De entre las muchas obras que publicó Judith Gautier (1845-1917), El libro de jade es quizá la más reconocida. La dio a la imprenta en 1867 y la firmó como Judith Walter, seguramente para que su trabajo no quedara oscurecido por el gran nombre de su padre, el poeta Théophile Gautier, a quien Baudelaire saludó como el «perfecto mago de las letras francesas» en la dedicatoria de Las flores del mal. Se comprende ese temor y también otro, pues la autora debió de ser plenamente consciente de la importancia que poseía lo que estaba ofreciendo: una de las primeras selecciones de poesía clásica china vertida a una lengua occidental y un lenguaje literario modernos; en este caso, suele aducirse, el del simbolismo.

Aunque eso igual sea ir demasiado lejos: en 1867 se estaría hablando, si acaso, de parnasianismo o de la poesía del «arte por el arte», corrientes ambas en las que se encuadra a Gautier padre; pero aún faltaba bastante para que el simbolismo y su filial, el decadentismo, poblaran las discusiones de los vanguardistas parisinos. Con todo, es innegable que Gautier hija se adelantó a su tiempo con este libro, que ya tiene el toque evanescente propio de las poéticas de «fin de siècle»; así, en esta imagen del último poema de la antología, «Los caracteres eternos», traducido de Li Po: «El encantador frescor de las mandarinas se marchita cuando una mujer las lleva demasiado tiempo entre las gasas de su manga; igual que se desvanece al sol la blanca escarcha».

Como puede apreciarse gracias al fragmento citado, la Gautier decidió prescindir de las restricciones del verso para traducir los ideogramas y convirtió El libro de jade -no sabemos si queriendo- en uno de los primeros ejemplos de prosa poética que se conocen. El género había recibido su bautismo oficial en el Gaspard de la nuit (1842) de Aloysius Bertrand, y ya en 1862 Baudelaire le había dado rango de modernidad en sus Pequeños poemas en prosa. Es verdad que la joven sinóloga (22 años en 1867) pudo haber optado por el verso libre, pero tal cosa era inconcebible en la sociedad literaria francesa de la época, que aún tardaría más de veinte años en leer los primeros poemas compuestos enteramente a base de versos anisosilábicos.
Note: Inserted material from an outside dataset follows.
(* Let $(L,\vee,\wedge,\to,\gets,f,g,0,1)$ be an HBGC-algebra. Then there exists a GC-frame $\mathcal{F}=(X,\leq,R)$ such that $(L,\vee,\wedge,\to,\gets,f,g,0,1)$ is isomorphic to a subalgebra of the complex algebra $\mathbb{HB}_{\rm GC}(\mathcal{F})=(\mathcal{T}_\leq,\cup,\cap,\to,\gets,{}^\blacktriangle,{}^\blacktriangledown,\emptyset,X)$.
   Context: A Heyting–Brouwer algebra $(L,\vee,\wedge,\to,\gets,0,1)$ is a bounded lattice in which for all $a,b$ the relative pseudocomplement $a\to b$ (greatest $x$ with $a\wedge x\leq b$) and the co-implication $a\gets b$ (least $x$ with $b\leq a\vee x$) exist. An HBGC-algebra is a Heyting–Brouwer algebra with maps $f,g\colon L\to L$ forming an order-preserving Galois connection ($f(a)\leq b\iff a\leq g(b)$). A GC-frame $(X,\leq,R)$ is a set $X$ with a quasiorder $\leq$ and a relation $R\subseteq X\times X$ such that $x\leq x'$, $x\,R\,y$, $y'\leq y$ imply $x'\,R\,y'$. $\mathcal{T}_\leq$ is the set of upward $\leq$-closed subsets of $X$. For $A\subseteq X$: $A^\blacktriangle=\{x\mid x\,R\,y\text{ for some }y\in A\}$, $A^\blacktriangledown=\{x\mid y\,R\,x\text{ implies }y\in A\}$. On $\mathcal{T}_\leq$: $A\to B=\{a\in X\mid \forall b\geq a\,(b\in A\Rightarrow b\in B)\}$, $A\gets B=\{a\in X\mid \exists b\leq a\,(b\notin A\text{ and }b\in B)\}$. Isomorphisms preserve $\vee,\wedge,\to,\gets,f,g,0,1$ with $f\leftrightarrow{}^\blacktriangle$, $g\leftrightarrow{}^\blacktriangledown$. *)

theory Defs
  imports Main
begin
Sea como fuere, el caso es que su decisión, unida a la cadenciosa y sedosa textura de las palabras y las frases y el tenue colorido de las estampas, hizo del libro una novedad radical en el París de finales del Segundo Imperio. Juzgo estas virtudes a partir de la traducción de Julián Gea, pues la edición no es bilingüe, lo que hace imposible saber si el rítmico y luminoso castellano en que leo a Judith Gautier es fruto de una cumplida operación de trasvase o el resultado de una libérrima recreación del original francés. Pero si el traductor se ha tomado muchas libertades, está en su derecho, porque fue con esa misma actitud con la que la autora abordó la tarea de verter a los Li Po, Tu Fu o Su Tung Puo, entre otros.
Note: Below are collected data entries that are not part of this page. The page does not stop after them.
(* Let $k,l\ge1$ and $\lambda\in\mathbb{Y}_{k,l}$ with $\lambda_l=0$. Then there exists a partition $\mathcal{P}$ of $\mathbb{Y}_{k,l}(\lambda)$ such that every block of $\mathcal{P}$ can be written as $\{\lambda^{(1)},\dots,\lambda^{(m)}\}$ with $m\ge2$ and $\lambda^{(1)}\nearrow\lambda^{(2)}\nearrow\cdots\nearrow\lambda^{(m)}$.
   Context: $\mathbb{Y}_{k,l}=\{(\lambda_1,\dots,\lambda_l)\in\mathbb{Z}^l\mid k\ge\lambda_1\ge\cdots\ge\lambda_l\ge0\}$ (Young diagrams fitting in a $k\times l$ rectangle). For $\lambda\in\mathbb{Y}_{k,l}$, $\mathbb{Y}_{k,l}(\lambda)=\{\mu\in\mathbb{Y}_{k,l}\mid \lambda_i\le\mu_i,\ i=1,\dots,l\}$. For $\lambda,\mu\in\mathbb{Y}_{k,l}$, $\lambda\nearrow\mu$ means $\mu$ is obtained from $\lambda$ by adding one box, i.e. $\mu_j=\lambda_j+1$ for exactly one index $j$ and $\mu_i=\lambda_i$ for all $i\ne j$. *)

theory Defs
  imports Main "HOL-Library.Disjoint_Sets"
begin

text \<open>Young diagrams in a k x l rectangle, represented as lists of length l
  (entry i-1 of the list is lambda_i).\<close>

definition young :: "nat \<Rightarrow> nat \<Rightarrow> nat list set" where
  "young k l = {lam. length lam = l \<and> (\<forall>i<l. lam ! i \<le> k)
      \<and> (\<forall>i j. i \<le> j \<longrightarrow> j < l \<longrightarrow> lam ! j \<le> lam ! i)}"

definition young_above :: "nat \<Rightarrow> nat \<Rightarrow> nat list \<Rightarrow> nat list set" where
  "young_above k l lam = {mu \<in> young k l. \<forall>i<l. lam ! i \<le> mu ! i}"

definition add_box :: "nat list \<Rightarrow> nat list \<Rightarrow> bool" where
  "add_box lam mu \<longleftrightarrow> length mu = length lam \<and>
     (\<exists>j<length lam. mu ! j = lam ! j + 1 \<and> (\<forall>i<length lam. i \<noteq> j \<longrightarrow> mu ! i = lam ! i))"

end

theory Submission
  imports Defs
begin

text \<open>Induction on the number of rows. Slicing by the first row a, the diagrams above
  b # bs are the diagrams a # mu with b \<le> a \<le> k and mu above bs inside an a-wide
  rectangle. If the last entry of bs is below b, every slice is covered by induction.
  Otherwise bs is the constant row b, the slices a = b and a = b + 1 together form a
  single chain from b^l to (b+1)^l, and the remaining slices are again covered by
  induction.\<close>

definition add_box_chain :: "nat list list \<Rightarrow> bool" where
  "add_box_chain xs \<longleftrightarrow> (\<forall>i. Suc i < length xs \<longrightarrow> add_box (xs ! i) (xs ! Suc i))"

definition chain_partitionable :: "nat list set \<Rightarrow> bool" where
  "chain_partitionable S \<longleftrightarrow> (\<exists>P. partition_on S P \<and>
    (\<forall>B\<in>P. \<exists>xs. B = set xs \<and> length xs \<ge> 2 \<and> add_box_chain xs))"

lemma add_box_Cons: "add_box x y \<Longrightarrow> add_box (a # x) (a # y)"
  unfolding add_box_def
proof (elim conjE exE)
  fix j assume h: "length y = length x" "j < length x" "y ! j = x ! j + 1"
    "\<forall>i<length x. i \<noteq> j \<longrightarrow> y ! i = x ! i"
  show "length (a # y) = length (a # x) \<and>
    (\<exists>j<length (a # x). (a # y) ! j = (a # x) ! j + 1 \<and>
      (\<forall>i<length (a # x). i \<noteq> j \<longrightarrow> (a # y) ! i = (a # x) ! i))"
  proof (intro conjI exI[of _ "Suc j"] allI impI)
    fix i assume "i < length (a # x)" "i \<noteq> Suc j"
    then show "(a # y) ! i = (a # x) ! i" using h by (cases i) auto
  qed (use h in auto)
qed

lemma add_box_Suc_hd: "add_box (c # x) (Suc c # x)"
  unfolding add_box_def
  by (rule conjI, simp, rule exI[of _ 0]) (auto simp: nth_Cons split: nat.splits)

lemma add_box_chain_map_Cons: "add_box_chain xs \<Longrightarrow> add_box_chain (map (Cons a) xs)"
  unfolding add_box_chain_def by (auto intro: add_box_Cons)

lemma add_box_chain_Cons:
  "add_box_chain xs \<Longrightarrow> xs \<noteq> [] \<Longrightarrow> add_box x (hd xs) \<Longrightarrow> add_box_chain (x # xs)"
  unfolding add_box_chain_def
  by (intro allI impI, case_tac i) (auto simp: hd_conv_nth)

lemma chain_partitionable_empty: "chain_partitionable {}"
  unfolding chain_partitionable_def by (rule exI[of _ "{}"]) (simp add: partition_on_empty)

lemma chain_partitionable_set:
  "length xs \<ge> 2 \<Longrightarrow> add_box_chain xs \<Longrightarrow> chain_partitionable (set xs)"
  unfolding chain_partitionable_def
  by (rule exI[of _ "{set xs}"]) (use partition_on_space[of "set xs"] in force)

lemma chain_partitionable_Un:
  assumes "chain_partitionable A" "chain_partitionable B" "A \<inter> B = {}"
  shows "chain_partitionable (A \<union> B)"
proof -
  obtain P where P: "partition_on A P"
    "\<forall>C\<in>P. \<exists>xs. C = set xs \<and> length xs \<ge> 2 \<and> add_box_chain xs"
    using assms(1) unfolding chain_partitionable_def by blast
  obtain Q where Q: "partition_on B Q"
    "\<forall>C\<in>Q. \<exists>xs. C = set xs \<and> length xs \<ge> 2 \<and> add_box_chain xs"
    using assms(2) unfolding chain_partitionable_def by blast
  have "partition_on (A \<union> B) (P \<union> Q)"
    using P(1) Q(1) assms(3) unfolding partition_on_def by (auto intro!: disjoint_union)
  then show ?thesis unfolding chain_partitionable_def using P(2) Q(2) by blast
qed

lemma chain_partitionable_UN:
  assumes "finite I" "\<And>a. a \<in> I \<Longrightarrow> chain_partitionable (S a)"
    and "\<And>a b. a \<in> I \<Longrightarrow> b \<in> I \<Longrightarrow> a \<noteq> b \<Longrightarrow> S a \<inter> S b = {}"
  shows "chain_partitionable (\<Union>a\<in>I. S a)"
  using assms
proof (induction I rule: finite_induct)
  case empty then show ?case by (simp add: chain_partitionable_empty)
next
  case (insert x F)
  then have "chain_partitionable (S x \<union> (\<Union>a\<in>F. S a))"
    by (intro chain_partitionable_Un) auto
  then show ?case by simp
qed

lemma chain_partitionable_image_Cons:
  assumes "chain_partitionable S"
  shows "chain_partitionable (Cons a ` S)"
proof -
  obtain P where P: "partition_on S P"
    "\<forall>C\<in>P. \<exists>xs. C = set xs \<and> length xs \<ge> 2 \<and> add_box_chain xs"
    using assms unfolding chain_partitionable_def by blast
  have "partition_on (Cons a ` S) ((`) (Cons a) ` P - {{}})"
    by (rule partition_on_inj_image[OF P(1)]) (auto simp: inj_on_def)
  moreover have "\<exists>xs. B = set xs \<and> length xs \<ge> 2 \<and> add_box_chain xs"
    if B: "B \<in> (`) (Cons a) ` P - {{}}" for B
  proof -
    obtain C where C: "C \<in> P" "B = Cons a ` C" using B by blast
    then obtain xs where "C = set xs" "length xs \<ge> 2" "add_box_chain xs" using P(2) by blast
    then show ?thesis
      using C by (intro exI[of _ "map (Cons a) xs"]) (auto simp: add_box_chain_map_Cons)
  qed
  ultimately show ?thesis unfolding chain_partitionable_def by blast
qed

lemma chain_partitionable_UN_image_Cons:
  assumes "finite A" "\<And>a. a \<in> A \<Longrightarrow> chain_partitionable (S a)"
  shows "chain_partitionable (\<Union>a\<in>A. Cons a ` S a)"
  using assms by (intro chain_partitionable_UN chain_partitionable_image_Cons) auto

lemma young_0: "young k 0 = {[]}"
  unfolding young_def by auto

lemma young_mono: "v \<in> young a m \<Longrightarrow> a \<le> b \<Longrightarrow> v \<in> young b m"
  unfolding young_def by force

lemma Cons_in_young_Suc_iff: "a # v \<in> young k (Suc m) \<longleftrightarrow> a \<le> k \<and> v \<in> young a m"
proof
  assume "a # v \<in> young k (Suc m)"
  then have L: "length v = m" and B: "\<And>i. i < Suc m \<Longrightarrow> (a # v) ! i \<le> k"
    and M: "\<And>i j. i \<le> j \<Longrightarrow> j < Suc m \<Longrightarrow> (a # v) ! j \<le> (a # v) ! i"
    unfolding young_def by auto
  have "\<forall>i<m. v ! i \<le> a" using M[of 0 "Suc _"] by simp
  moreover have "\<forall>i j. i \<le> j \<longrightarrow> j < m \<longrightarrow> v ! j \<le> v ! i" using M[of "Suc _" "Suc _"] by simp
  ultimately show "a \<le> k \<and> v \<in> young a m" using L B[of 0] unfolding young_def by simp
next
  assume "a \<le> k \<and> v \<in> young a m"
  then have L: "length v = m" and B: "\<And>i. i < m \<Longrightarrow> v ! i \<le> a"
    and M: "\<And>i j. i \<le> j \<Longrightarrow> j < m \<Longrightarrow> v ! j \<le> v ! i" and ak: "a \<le> k"
    unfolding young_def by auto
  have "\<forall>i<Suc m. (a # v) ! i \<le> k"
    using ak B by (auto simp: nth_Cons split: nat.split intro: order_trans)
  moreover have "(a # v) ! j \<le> (a # v) ! i" if "i \<le> j" "j < Suc m" for i j
    using that B M by (cases j; cases i) auto
  ultimately show "a # v \<in> young k (Suc m)" using L unfolding young_def by auto
qed

lemma young_above_Cons:
  "young_above k (Suc m) (b # bs) = (\<Union>a\<in>{b..k}. Cons a ` young_above a m bs)"
proof (intro set_eqI iffI)
  fix x assume x: "x \<in> young_above k (Suc m) (b # bs)"
  then obtain a v where xv: "x = a # v"
    unfolding young_above_def young_def by (cases x) auto
  have "a \<le> k" "v \<in> young a m"
    using x xv Cons_in_young_Suc_iff by (auto simp: young_above_def)
  moreover have "b \<le> a" "\<forall>i<m. bs ! i \<le> v ! i"
    using x xv unfolding young_above_def by (force, auto)
  ultimately show "x \<in> (\<Union>a\<in>{b..k}. Cons a ` young_above a m bs)"
    using xv unfolding young_above_def by auto
next
  fix x assume "x \<in> (\<Union>a\<in>{b..k}. Cons a ` young_above a m bs)"
  then obtain a v where h: "b \<le> a" "a \<le> k" "x = a # v" "v \<in> young a m"
    "\<forall>i<m. bs ! i \<le> v ! i" unfolding young_above_def by auto
  then have "\<forall>i<Suc m. (b # bs) ! i \<le> x ! i" by (auto simp: nth_Cons split: nat.split)
  then show "x \<in> young_above k (Suc m) (b # bs)"
    using h Cons_in_young_Suc_iff unfolding young_above_def by auto
qed

lemma young_above_singleton: "young_above k (Suc 0) [b] = set (map (\<lambda>a. [a]) [b..<Suc k])"
  unfolding young_above_Cons by (auto simp: young_above_def young_0)

lemma young_above_replicate: "young_above c m (replicate m c) = {replicate m c}"
proof (intro set_eqI iffI)
  fix x assume "x \<in> young_above c m (replicate m c)"
  then have "length x = m" "\<forall>i<m. x ! i = c"
    unfolding young_above_def young_def by (auto intro: antisym)
  then show "x \<in> {replicate m c}" by (auto intro: nth_equalityI)
qed (auto simp: young_above_def young_def)

text \<open>The diagrams between c^m and (c+1)^m, listed by raising the rows from the top.\<close>

fun raise_rows_chain :: "nat \<Rightarrow> nat \<Rightarrow> nat list list" where
  "raise_rows_chain c 0 = [[]]"
| "raise_rows_chain c (Suc m) = (c # replicate m c) # map (Cons (Suc c)) (raise_rows_chain c m)"

lemma length_raise_rows_chain: "length (raise_rows_chain c m) = Suc m"
  by (induction m) auto

lemma hd_raise_rows_chain: "hd (raise_rows_chain c m) = replicate m c"
  by (cases m) auto

lemma add_box_chain_raise_rows_chain: "add_box_chain (raise_rows_chain c m)"
proof (induction m)
  case 0 then show ?case by (simp add: add_box_chain_def)
next
  case (Suc m)
  have "raise_rows_chain c m \<noteq> []" by (cases m) auto
  then show ?case
    by (auto intro!: add_box_chain_Cons simp: add_box_chain_map_Cons Suc hd_map
        hd_raise_rows_chain add_box_Suc_hd)
qed

lemma young_above_Suc_replicate:
  "young_above (Suc c) m (replicate m c) = set (raise_rows_chain c m)"
proof (induction m)
  case 0 then show ?case by (simp add: young_above_def young_0)
next
  case (Suc m)
  have "{c..Suc c} = {c, Suc c}" by auto
  then show ?case
    by (simp only: replicate_Suc young_above_Cons) (simp add: young_above_replicate Suc)
qed

lemma chain_partitionable_young_above:
  assumes "bs \<in> young k (Suc n)" "bs ! n < k"
  shows "chain_partitionable (young_above k (Suc n) bs)"
  using assms
proof (induction n arbitrary: k bs)
  case 0
  then obtain b where bs: "bs = [b]" "b < k" unfolding young_def by (cases bs) auto
  have "add_box_chain (map (\<lambda>a. [a]) [b..<Suc k])"
    unfolding add_box_chain_def using add_box_Suc_hd[of _ "[]"] by (auto simp del: upt_Suc)
  then show ?case
    using bs by (simp only: young_above_singleton) (rule chain_partitionable_set, simp_all)
next
  case (Suc n)
  obtain b bs' where bs: "bs = b # bs'"
    using Suc.prems(1) unfolding young_def by (cases bs) auto
  have b: "b \<le> k" "bs' \<in> young b (Suc n)" and last_lt: "bs' ! n < k"
    using Suc.prems unfolding bs Cons_in_young_Suc_iff by simp_all
  have slice: "chain_partitionable (young_above a (Suc n) bs')" if "b \<le> a" "bs' ! n < a" for a
    using Suc.IH young_mono[OF b(2) that(1)] that(2) by blast
  show ?case
  proof (cases "bs' ! n < b")
    case True
    then show ?thesis
      unfolding bs young_above_Cons by (intro chain_partitionable_UN_image_Cons slice) auto
  next
    case False
    have "bs' ! i = b" if "i < Suc n" for i
    proof (rule antisym)
      show "bs' ! i \<le> b" using b(2) that unfolding young_def by blast
      have "bs' ! n \<le> bs' ! i" using b(2) that unfolding young_def by simp
      then show "b \<le> bs' ! i" using False by linarith
    qed
    moreover have "length bs' = Suc n" using b(2) unfolding young_def by simp
    ultimately have const: "bs' = replicate (Suc n) b"
      by (intro nth_equalityI) (simp_all del: replicate_Suc)
    have "b < k" using last_lt const by (simp del: replicate_Suc)
    then have "{b..k} = {b..Suc b} \<union> {Suc (Suc b)..k}" by auto
    then have "young_above k (Suc (Suc n)) bs =
        set (raise_rows_chain b (Suc (Suc n))) \<union>
        (\<Union>a\<in>{Suc (Suc b)..k}. Cons a ` young_above a (Suc n) bs')"
      unfolding bs young_above_Cons young_above_Suc_replicate[symmetric] replicate_Suc[of "Suc n"]
      by (simp only: UN_Un const)
    moreover have "chain_partitionable (set (raise_rows_chain b (Suc (Suc n))))"
      by (rule chain_partitionable_set[OF _ add_box_chain_raise_rows_chain])
        (simp add: length_raise_rows_chain del: raise_rows_chain.simps)
    moreover have "chain_partitionable (\<Union>a\<in>{Suc (Suc b)..k}. Cons a ` young_above a (Suc n) bs')"
      using const by (intro chain_partitionable_UN_image_Cons slice) (auto simp del: replicate_Suc)
    moreover have "set (raise_rows_chain b (Suc (Suc n))) \<inter>
        (\<Union>a\<in>{Suc (Suc b)..k}. Cons a ` young_above a (Suc n) bs') = {}"
      unfolding young_above_Suc_replicate[symmetric] young_above_def young_def by auto
    ultimately show ?thesis by (metis chain_partitionable_Un)
  qed
qed

theorem lemmaA2:
  fixes k l :: nat and lam :: "nat list"
  assumes "k \<ge> 1" and "l \<ge> 1"
    and "lam \<in> young k l"
    and "lam ! (l - 1) = 0"
  shows "\<exists>P. partition_on (young_above k l lam) P \<and>
    (\<forall>B\<in>P. \<exists>xs. B = set xs \<and> length xs \<ge> 2 \<and>
        (\<forall>i. Suc i < length xs \<longrightarrow> add_box (xs ! i) (xs ! Suc i)))"
proof -
  obtain n where l: "l = Suc n" using assms(2) by (cases l) auto
  have "chain_partitionable (young_above k l lam)"
    using chain_partitionable_young_above[of lam k n] assms l by simp
  then show ?thesis unfolding chain_partitionable_def add_box_chain_def .
qed

end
Idéntico camino siguió 48 años más tarde un excéntrico americano admirador de Gautier padre. En su Cathay (1915), Ezra Pound, que no sabía una palabra de chino, se basó en unas traducciones previas del sinólogo Ernest Fenollosa para dar al inglés lo que Gautier hija le había regalado ya al francés; aunque, esta vez sí, en verso libre, y a beneficio del «modernismo» anglo-norteamericano. Lo que no obsta para que la lección de El libro de jade resultara de enorme utilidad para dos estrictos contemporáneos franceses de los modernistas anglófonos: Victor Segalen y Saint-John Perse, ambos, como la autora, consumados orientalistas.